Script runs when executed but fails when sourced

Original Title: Indirect parameter substitution breaks when the script is sourced (zsh)
zsh 5.7.1 (x86_64-apple-darwin19.0)
GNU bash, version 4.4.20(1)-release (x86_64-pc-linux-gnu)
I’m developing a shell script on a Mac and I’m trying to keep it portable between bash & zsh, so array indexing is a consideration. I know that I can set KSH_ARRAYS to get indexing to start at 0, but I decided to query the OS for the shell that’s in use and set the start index accordingly, which led to the issue described below.
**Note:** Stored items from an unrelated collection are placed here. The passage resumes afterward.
lemma emeasure_gact_measure:
  assumes "sets \<nu> = sets X" "E \<in> sets X"
  shows "emeasure (gact_measure G X rX act g \<nu>) E = emeasure \<nu> {x \<in> space X. rX x = src G g \<and> act g x \<in> E}"
proof -
  let ?F = "{x \<in> space X. rX x = src G g}"
  have space_eq: "space \<nu> = space X" using assms(1) by (rule sets_eq_imp_space_eq)
  have F: "?F \<inter> space \<nu> \<in> sets \<nu>"
    using G_space_fibre_sets assms(1) space_eq by (simp add: Int_absorb2)
  have "emeasure (gact_measure G X rX act g \<nu>) E = emeasure (restrict_space \<nu> ?F) (act g -` E \<inter> space (restrict_space \<nu> ?F))"
    using assms by (simp add: gact_measure_eq_distr emeasure_distr act_measurable_restrict_fibre)
  also have "act g -` E \<inter> space (restrict_space \<nu> ?F) = {x \<in> space X. rX x = src G g \<and> act g x \<in> E}"
    using space_eq by (auto simp: space_restrict_space)
  also have "emeasure (restrict_space \<nu> ?F) \<dots> = emeasure \<nu> {x \<in> space X. rX x = src G g \<and> act g x \<in> E}"
    by (rule emeasure_restrict_space[OF F]) auto
  finally show ?thesis .
qed

lemma nn_integral_gact_measure:
  assumes "sets \<nu> = sets X" "f \<in> borel_measurable X"
  shows "(\<integral>\<^sup>+y. f y \<partial>gact_measure G X rX act g \<nu>) =
    (\<integral>\<^sup>+x. f (act g x) * indicator {x \<in> space X. rX x = src G g} x \<partial>\<nu>)"
proof -
  have space_eq: "space \<nu> = space X" using assms(1) by (rule sets_eq_imp_space_eq)
  have "{x \<in> space X. rX x = src G g} \<inter> space \<nu> \<in> sets \<nu>"
    using G_space_fibre_sets assms(1) space_eq by (simp add: Int_absorb2)
  then show ?thesis
    using assms act_measurable_restrict_fibre
    by (simp add: gact_measure_eq_distr nn_integral_distr nn_integral_restrict_space)
qed

lemma subprob_space_gact_measure:
  assumes "subprob_space \<nu>" "sets \<nu> = sets X"
  shows "subprob_space (gact_measure G X rX act g \<nu>)"
proof (rule subprob_spaceI)
  interpret subprob_space \<nu> by fact
  have space_eq: "space \<nu> = space X" using assms(2) by (rule sets_eq_imp_space_eq)
  show "space (gact_measure G X rX act g \<nu>) \<noteq> {}"
    using subprob_not_empty space_eq by (simp add: gact_measure_def)
  have "emeasure (gact_measure G X rX act g \<nu>) (space X) \<le> emeasure \<nu> (space \<nu>)"
    using assms(2) space_eq gact_preimage_sets
    by (simp add: emeasure_gact_measure emeasure_mono)
  then show "emeasure (gact_measure G X rX act g \<nu>) (space (gact_measure G X rX act g \<nu>)) \<le> 1"
    using emeasure_space_le_1 by (simp add: gact_measure_def)
qed

end

lemma gact_measure_distr:
  assumes \<pi>: "G_map G Y rY actY Z rZ actZ \<pi>" and g: "g \<in> space (arrows G)" and \<nu>: "sets \<nu> = sets Y"
  shows "gact_measure G Z rZ actZ g (distr \<nu> Z \<pi>) = distr (gact_measure G Y rY actY g \<nu>) Z \<pi>"
proof (rule measure_eqI)
  have Y: "G_space G Y rY actY" and Z: "G_space G Z rZ actZ" and \<pi>_meas: "\<pi> \<in> measurable Y Z"
    and rZ_\<pi>: "\<And>y. y \<in> space Y \<Longrightarrow> rZ (\<pi> y) = rY y"
    and \<pi>_act: "\<And>y. y \<in> space Y \<Longrightarrow> src G g = rY y \<Longrightarrow> \<pi> (actY g y) = actZ g (\<pi> y)"
    using \<pi> g unfolding G_map_def by auto
  have space_eq: "space \<nu> = space Y" using \<nu> by (rule sets_eq_imp_space_eq)
  show "sets (gact_measure G Z rZ actZ g (distr \<nu> Z \<pi>)) = sets (distr (gact_measure G Y rY actY g \<nu>) Z \<pi>)"
    by simp
  fix E assume "E \<in> sets (gact_measure G Z rZ actZ g (distr \<nu> Z \<pi>))"
  then have E: "E \<in> sets Z" by simp
  have act_Y: "actY g y \<in> space Y" if "y \<in> space Y" "rY y = src G g" for y
    using Y g that unfolding G_space_def by auto
  have \<pi>_meas\<nu>: "\<pi> \<in> measurable \<nu> Z" and \<pi>_meas\<nu>': "\<pi> \<in> measurable (gact_measure G Y rY actY g \<nu>) Z"
    using \<pi>_meas \<nu> by (simp_all cong: measurable_cong_sets)
  let ?E' = "{z \<in> space Z. rZ z = src G g \<and> actZ g z \<in> E}"
  have "emeasure (gact_measure G Z rZ actZ g (distr \<nu> Z \<pi>)) E = emeasure (distr \<nu> Z \<pi>) ?E'"
    using E by (simp add: emeasure_gact_measure[OF Z g])
  also have "\<dots> = emeasure \<nu> (\<pi> -` ?E' \<inter> space Y)"
    using gact_preimage_sets[OF Z g E] space_eq by (simp add: emeasure_distr[OF \<pi>_meas\<nu>])
  also have "\<pi> -` ?E' \<inter> space Y = {y \<in> space Y. rY y = src G g \<and> actY g y \<in> \<pi> -` E \<inter> space Y}"
    using measurable_space[OF \<pi>_meas] rZ_\<pi> \<pi>_act act_Y by auto
  also have "emeasure \<nu> \<dots> = emeasure (gact_measure G Y rY actY g \<nu>) (\<pi> -` E \<inter> space Y)"
    using \<nu> measurable_sets[OF \<pi>_meas E] by (simp add: emeasure_gact_measure[OF Y g])
  also have "\<dots> = emeasure (distr (gact_measure G Y rY actY g \<nu>) Z \<pi>) E"
    using E by (simp add: emeasure_distr[OF \<pi>_meas\<nu>'])
  finally show "emeasure (gact_measure G Z rZ actZ g (distr \<nu> Z \<pi>)) E = emeasure (distr (gact_measure G Y rY actY g \<nu>) Z \<pi>) E" .
qed

lemma gact_measure_bind:
  assumes X: "G_space G X rX actX" and Z: "G_space G Z rZ actZ" and g: "g \<in> space (arrows G)"
    and \<nu>: "subprob_space \<nu>" "sets \<nu> = sets X" and fibre: "AE x in \<nu>. rX x = src G g"
    and K: "K \<in> measurable X (subprob_algebra Z)"
    and K_equivariant: "\<And>x. x \<in> space X \<Longrightarrow> rX x = src G g \<Longrightarrow>
      K (actX g x) = gact_measure G Z rZ actZ g (K x)"
  shows "gact_measure G Z rZ actZ g (\<nu> \<bind> K) = gact_measure G X rX actX g \<nu> \<bind> K"
proof (rule measure_eqI)
  let ?\<nu>' = "gact_measure G X rX actX g \<nu>"
  have \<nu>'_not_empty: "space ?\<nu>' \<noteq> {}"
    using subprob_space.subprob_not_empty[OF subprob_space_gact_measure[OF X g \<nu>]] .
  have \<nu>_not_empty: "space \<nu> \<noteq> {}"
    using subprob_space.subprob_not_empty[OF \<nu>(1)] .
  have K\<nu>: "K \<in> measurable \<nu> (subprob_algebra Z)" and K\<nu>': "K \<in> measurable ?\<nu>' (subprob_algebra Z)"
    using K \<nu>(2) by (simp_all cong: measurable_cong_sets)
  show "sets (gact_measure G Z rZ actZ g (\<nu> \<bind> K)) = sets (?\<nu>' \<bind> K)"
    using sets_bind[OF sets_kernel[OF K\<nu>'] \<nu>'_not_empty] by simp
  fix E assume "E \<in> sets (gact_measure G Z rZ actZ g (\<nu> \<bind> K))"
  then have E: "E \<in> sets Z" by simp
  let ?E' = "{z \<in> space Z. rZ z = src G g \<and> actZ g z \<in> E}"
  have "emeasure (gact_measure G Z rZ actZ g (\<nu> \<bind> K)) E = emeasure (\<nu> \<bind> K) ?E'"
    using sets_bind[OF sets_kernel[OF K\<nu>] \<nu>_not_empty] E by (simp add: emeasure_gact_measure[OF Z g])
  also have "\<dots> = (\<integral>\<^sup>+x. emeasure (K x) ?E' \<partial>\<nu>)"
    using gact_preimage_sets[OF Z g E] by (rule emeasure_bind[OF \<nu>_not_empty K\<nu>])
  also have "\<dots> = (\<integral>\<^sup>+x. emeasure (K (actX g x)) E * indicator {x \<in> space X. rX x = src G g} x \<partial>\<nu>)"
  proof (rule nn_integral_cong_AE)
    show "AE x in \<nu>. emeasure (K x) ?E' = emeasure (K (actX g x)) E * indicator {x \<in> space X. rX x = src G g} x"
      using fibre AE_space
    proof eventually_elim
      case (elim x)
      then have "x \<in> space X" using sets_eq_imp_space_eq[OF \<nu>(2)] by simp
      then show ?case
        using elim E sets_kernel[OF K] by (simp add: K_equivariant emeasure_gact_measure[OF Z g])
    qed
  qed
  also have "\<dots> = (\<integral>\<^sup>+y. emeasure (K y) E \<partial>?\<nu>')"
    using \<nu>(2) measurable_emeasure_kernel[OF K E] by (simp add: nn_integral_gact_measure[OF X g])
  also have "\<dots> = emeasure (?\<nu>' \<bind> K) E"
    using E by (simp add: emeasure_bind[OF \<nu>'_not_empty K\<nu>'])
  finally show "emeasure (gact_measure G Z rZ actZ g (\<nu> \<bind> K)) E = emeasure (?\<nu>' \<bind> K) E" .
qed

end

locale proper_amenable_systems =
  fixes G :: "'g groupoid" and X :: "'x measure" and rX :: "'x \<Rightarrow> 'g" and act :: "'g \<Rightarrow> 'x \<Rightarrow> 'x"
    and lam :: "'x \<Rightarrow> ('x \<times> 'g) measure" and m :: "nat \<Rightarrow> 'g \<Rightarrow> 'x measure"
  assumes borel: "borel_groupoid G"
    and X: "G_space G X rX act"
    and unit_space: "G_space G (unit_space G) (\<lambda>u. u) (unit_action G)"
      \<comment> \<open>not derivable from \<open>borel\<close>, as it includes analyticity of the unit space\<close>
    and fib_prod: "G_space G (fib_prod G X rX) (\<lambda>(x, g). rX x) (\<lambda>h (x, g). (act h x, comp G h g))"
    and lam_pi_sys: "pi_sys (fib_prod G X rX) X fst lam"
    and lam_prob: "\<And>x. x \<in> space X \<Longrightarrow> prob_space (lam x)"
    and lam_equivariant: "\<And>h x. h \<in> space (arrows G) \<Longrightarrow> x \<in> space X \<Longrightarrow> src G h = rX x \<Longrightarrow>
      gact_measure G (fib_prod G X rX) (\<lambda>(x, g). rX x) (\<lambda>h (x, g). (act h x, comp G h g)) h (lam x) = lam (act h x)"
    and m_pi_sys: "\<And>n. pi_sys X (unit_space G) rX (m n)"
    and m_prob: "\<And>n u. u \<in> space (unit_space G) \<Longrightarrow> prob_space (m n u)"
    and m_almost_invariant: "\<And>g u. g \<in> space (arrows G) \<Longrightarrow> u \<in> space (unit_space G) \<Longrightarrow> src G g = u \<Longrightarrow>
      (\<lambda>n. tv_norm (gact_measure G X rX act g (m n u)) (m n (unit_action G g u))) \<longlonglongrightarrow> 0"
begin

definition arrow_kernel :: "'x \<Rightarrow> 'g measure" where
  "arrow_kernel x = distr (lam x) (arrows G) snd"

definition arrow_system :: "nat \<Rightarrow> 'g \<Rightarrow> 'g measure" where
  "arrow_system n u = m n u \<bind> arrow_kernel"

lemma space_fib_prod:
  "space (fib_prod G X rX) = {(x, g). x \<in> space X \<and> g \<in> space (arrows G) \<and> rX x = rng G g}"
  unfolding fib_prod_def by (auto simp: space_restrict_space space_pair_measure)

lemma snd_measurable_fib_prod: "snd \<in> measurable (fib_prod G X rX) (arrows G)"
  unfolding fib_prod_def by (intro measurable_restrict_space1 measurable_snd)

lemma sets_lam: "x \<in> space X \<Longrightarrow> sets (lam x) = sets (fib_prod G X rX)"
  using lam_pi_sys unfolding pi_sys_def by blast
It made sense (to me anyway!) to use indirect expansion, which is what led to the problem. Consider the script indirect.sh:
#! /bin/bash
declare -r ARRAY_START_BASH=0
declare -r ARRAY_START_ZSH=1
declare -r SHELL_BASH=0
declare -r SHELL_ZSH=1
# Indirect expansion is used to reference the values of the variables declared
# in this case statement e.g. ${!ARRAY_START}
case $(basename $SHELL) in
"bash" )
declare -r SHELL_ID=SHELL_BASH
declare -r ARRAY_START=ARRAY_START_BASH
;;
"zsh" )
declare -r SHELL_ID=SHELL_ZSH
declare -r ARRAY_START=ARRAY_START_ZSH
;;
* )
return 1
;;
esac
echo "Shell ID: ${!SHELL_ID} Index arrays from: ${!ARRAY_START}"
It works fine when run from the command line while in the same directory:
<my home> ~ % echo "$(./indirect.sh)"
Shell ID: 1 Index arrays from: 1
Problems arise when I source the script:
<my home> ~ % echo "$(. ~/indirect.sh)"
/Users/<me>/indirect.sh:28: bad substitution
I don’t understand why sourcing the script changes the behavior of the parameter expansion.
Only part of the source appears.